L'esecuzione forzata potrà essere in forma specifica, cioè diretta all'esatta esecuzione dell'oggetto della prestazione (laddove essa sia fungibile) o molto più frequentemente una espropriazione forzata, che consiste in un complesso di atti diretti a sottrarre coattivamente al debitore determinati beni che fanno parte del suo patrimonio ed a convertirli in denaro, così ottenendo il controvalore pecuniario della prestazione inadempiuta.
Responsabilità del debitore
Ai sensi dell'articolo 2740 cpc, il debitore risponde dell'adempimento delle obbligazioni assunte con tutti i suoi beni presenti e futuri; se cioè non adempie, il creditore avvalendosi del processo esecutivo, può realizzare il suo credito procedendo ad esecuzione forzata sui beni del suo debitore. Appare quindi in tutta la sua evidenza la funzione del processo di esecuzione e la differenza rispetto al processo di cognizione: quest'ultimo è diretto all'accertamento dell'esistenza di un diritto che la parte afferma esistente; il primo è invece diretto all'attuazione coattiva del diritto accertato.

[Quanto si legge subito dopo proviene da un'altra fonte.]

lemma rung_function_by_rungs:
  assumes vanish: "\<And>p. \<not> on_rung_beyond N p \<Longrightarrow> F p = 0"
    and rungs: "\<And>n. 1 \<le> n \<Longrightarrow> \<exists>G. rung_function 0 G \<and> (\<forall>a\<in>{0..1}. F (a, 1 / 2 ^ n) = G (a, 1 / 2 ^ n))"
  shows "rung_function N F"
proof (rule rung_functionI[OF vanish])
  fix n :: nat and a c :: real assume h: "1 \<le> n" "0 \<le> a" "a \<le> 1" "0 \<le> c" "c \<le> 1"
  obtain G where G: "rung_function 0 G" and FG: "\<forall>a\<in>{0..1}. F (a, 1 / 2 ^ n) = G (a, 1 / 2 ^ n)"
    using rungs[OF h(1)] by blast
  have "F (a, 1 / 2 ^ n) = G (a, 1 / 2 ^ n)" "F (c, 1 / 2 ^ n) = G (c, 1 / 2 ^ n)" using FG h by auto
  with G show "\<bar>F (a, 1 / 2 ^ n) - F (c, 1 / 2 ^ n)\<bar> \<le> \<bar>a - c\<bar>"
    using rung_function_rung_lipschitz[OF _ h] by simp
qed

lemma rung_function_split:
  assumes G: "rung_function N G"
  shows "rung_function N' (\<lambda>p. if on_rung_beyond N' p then G p else 0)"
    and "rung_function N (\<lambda>p. G p - (if on_rung_beyond N' p then G p else 0))"
proof -
  have G0: "rung_function 0 G" using rung_function_mono[OF _ G] by simp
  show "rung_function N' (\<lambda>p. if on_rung_beyond N' p then G p else 0)"
  proof (rule rung_function_by_rungs)
    fix n :: nat
    show "\<exists>G'. rung_function 0 G' \<and> (\<forall>a\<in>{0..1}.
        (if on_rung_beyond N' (a, 1 / 2 ^ n) then G (a, 1 / 2 ^ n) else 0) = G' (a, 1 / 2 ^ n))"
    proof (cases "N' < n")
      case True
      then show ?thesis using G0 rung_function_on_level(1)[OF G] by (intro exI[of _ G]) auto
    next
      case False
      then show ?thesis using rung_function_zero rung_function_on_level(1)[OF G]
        by (intro exI[of _ "\<lambda>_. 0"]) auto
    qed
  qed simp
  show "rung_function N (\<lambda>p. G p - (if on_rung_beyond N' p then G p else 0))"
  proof (rule rung_function_by_rungs)
    fix n :: nat
    show "\<exists>G'. rung_function 0 G' \<and> (\<forall>a\<in>{0..1}.
        G (a, 1 / 2 ^ n) - (if on_rung_beyond N' (a, 1 / 2 ^ n) then G (a, 1 / 2 ^ n) else 0) = G' (a, 1 / 2 ^ n))"
    proof (cases "N' < n")
      case True
      then show ?thesis using rung_function_zero rung_function_on_level(1)[OF G]
        by (intro exI[of _ "\<lambda>_. 0"]) auto
    next
      case False
      then show ?thesis using G0 rung_function_on_level(1)[OF G] by (intro exI[of _ G]) auto
    qed
  qed (use rung_function_vanishes[OF G] in simp)
qed

lemma rung_function_zero_on_deeper_level:
  assumes "rung_function 0 H" "\<And>p. on_rung_beyond N p \<Longrightarrow> H p = 0" "N < n" "0 \<le> a" "a \<le> 1"
  shows "H (a, 1 / 2 ^ n) = 0"
  using assms rung_function_vanishes[OF assms(1), of "(a, 1 / 2 ^ n)"]
  by (cases "a = 0 \<or> a = 1") (auto simp: on_rung_beyond_iff)

lemma rung_function_add_deeper:
  assumes H: "rung_function 0 H" "\<And>p. on_rung_beyond N p \<Longrightarrow> H p = 0" and G: "rung_function N G"
  shows "rung_function 0 (\<lambda>p. H p + G p)"
proof (rule rung_function_by_rungs)
  fix n :: nat
  show "\<exists>G'. rung_function 0 G' \<and> (\<forall>a\<in>{0..1}. H (a, 1 / 2 ^ n) + G (a, 1 / 2 ^ n) = G' (a, 1 / 2 ^ n))"
  proof (cases "N < n")
    case True
    then show ?thesis using rung_function_mono[OF _ G, of 0] rung_function_zero_on_deeper_level[OF H]
      by (intro exI[of _ G]) auto
  next
    case False
    then show ?thesis using H(1) rung_function_on_level(2)[OF G] by (intro exI[of _ H]) auto
  qed
next
  fix p assume "\<not> on_rung_beyond 0 p"
  then show "H p + G p = 0"
    using rung_function_vanishes[OF H(1), of p] rung_function_vanishes[OF G, of p] on_rung_beyond_mono[of 0 N p]
    by auto
qed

Caratteristiche dell'azione esecutiva
Le caratteristiche peculiari dell'azione esecutiva sono:
- La unilateralità nel senso che non vi è contraddittorio. Il debitore è soggetto ma non è parte, solo se propone opposizione si apre un giudizio autonomo di cognizione.
- La non esclusività perché sullo stesso bene possono svolgersi molteplici azioni.

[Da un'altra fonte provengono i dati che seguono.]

lemma prover_msg_deviation_le:
  assumes "bandit n q" and "i < n" and "proto_kP n \<epsilon> > 0" and "t \<ge> 0"
  shows "measure (prover_space n \<epsilon> q) {x \<in> space (prover_space n \<epsilon> q).
           t \<le> \<bar>prover_msg n \<epsilon> x i - arm_mean q i\<bar>} \<le> 2 * exp (- 2 * real (proto_kP n \<epsilon>) * t\<^sup>2)"
proof -
  define k where "k = proto_kP n \<epsilon>"
  define K where "K = {..<n} \<times> {..<k}"
  define M where "M = (\<lambda>p::nat \<times> nat. q (fst p))"
  define arm where "arm = (\<lambda>\<omega>::nat \<times> nat \<Rightarrow> real. \<lambda>j\<in>{..<k}. \<omega> (i, j))"
  note Q = banditD[OF assms(1,2)]
  have PS: "prover_space n \<epsilon> q = PiM K M" unfolding prover_space_def K_def M_def k_def by simp
  have distr_arm: "distr (PiM K M) (PiM {..<k} (\<lambda>_. q i)) arm = PiM {..<k} (\<lambda>_. q i)"
    using distr_PiM_reindex[of K M "\<lambda>j. (i, j)" "{..<k}"] banditD(1)[OF assms(1)] assms(2)
    unfolding arm_def M_def K_def by (auto simp: inj_on_def)
  have arm_meas: "arm \<in> measurable (PiM K M) (PiM {..<k} (\<lambda>_. q i))"
    unfolding arm_def
  proof (rule measurable_restrict)
    fix j assume "j \<in> {..<k}"
    then have "(i, j) \<in> K" using assms(2) unfolding K_def by auto
    then show "(\<lambda>x. x (i, j)) \<in> measurable (PiM K M) (q i)"
      using measurable_component_singleton[of "(i, j)" K M] unfolding M_def by simp
  qed
  define S where "S = {y \<in> space (PiM {..<k} (\<lambda>_. q i)).
            t \<le> \<bar>(\<Sum>j\<in>{..<k}. y j) / real (card {..<k}) - (\<integral>y. y \<partial>q i)\<bar>}"
  have "(\<lambda>y. y j) \<in> borel_measurable (PiM {..<k} (\<lambda>_. q i))" if "j < k" for j
    using that Q(2) by (intro measurable_component_borel) auto
  then have S_sets: "S \<in> sets (PiM {..<k} (\<lambda>_. q i))" unfolding S_def by measurable
  have "{x \<in> space (prover_space n \<epsilon> q). t \<le> \<bar>prover_msg n \<epsilon> x i - arm_mean q i\<bar>} =
      arm -` S \<inter> space (PiM K M)"
    using measurable_space[OF arm_meas]
    unfolding S_def PS prover_msg_def arm_mean_def k_def[symmetric] arm_def by auto
  also have "measure (PiM K M) \<dots> = measure (PiM {..<k} (\<lambda>_. q i)) S"
    by (subst distr_arm[symmetric]) (rule measure_distr[OF arm_meas S_sets, symmetric])
  also have "\<dots> \<le> 2 * exp (- 2 * real k * t\<^sup>2)"
    unfolding S_def using assms(3,4) Q by (intro order.trans[OF Hoeffding_PiM_mean]) (auto simp: k_def)
  finally show ?thesis unfolding PS k_def .
qed

definition prover_accurate :: "nat \<Rightarrow> real \<Rightarrow> (nat \<Rightarrow> real measure) \<Rightarrow> (nat \<times> nat \<Rightarrow> real) \<Rightarrow> bool" where
  "prover_accurate n \<epsilon> q x \<longleftrightarrow> (\<forall>i\<in>{..<n}. \<bar>prover_msg n \<epsilon> x i - arm_mean q i\<bar> < \<epsilon> / 16)"

lemma sets_prover_accurate:
  "bandit n q \<Longrightarrow> {x \<in> space (prover_space n \<epsilon> q). prover_accurate n \<epsilon> q x} \<in> sets (prover_space n \<epsilon> q)"
  using borel_measurable_prover_msg unfolding prover_accurate_def by measurable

- Il presupposto di un requisito formale, cioè il titolo esecutivo.
Valore delle cause di opposizione
Per quanto riguarda il valore:
- Nelle cause di opposizione del debitore esso si determina dal credito per cui si procede.
- Nelle cause di opposizione di terzi, dal valore dei beni controversi.
- Nelle controversie sorte in sede.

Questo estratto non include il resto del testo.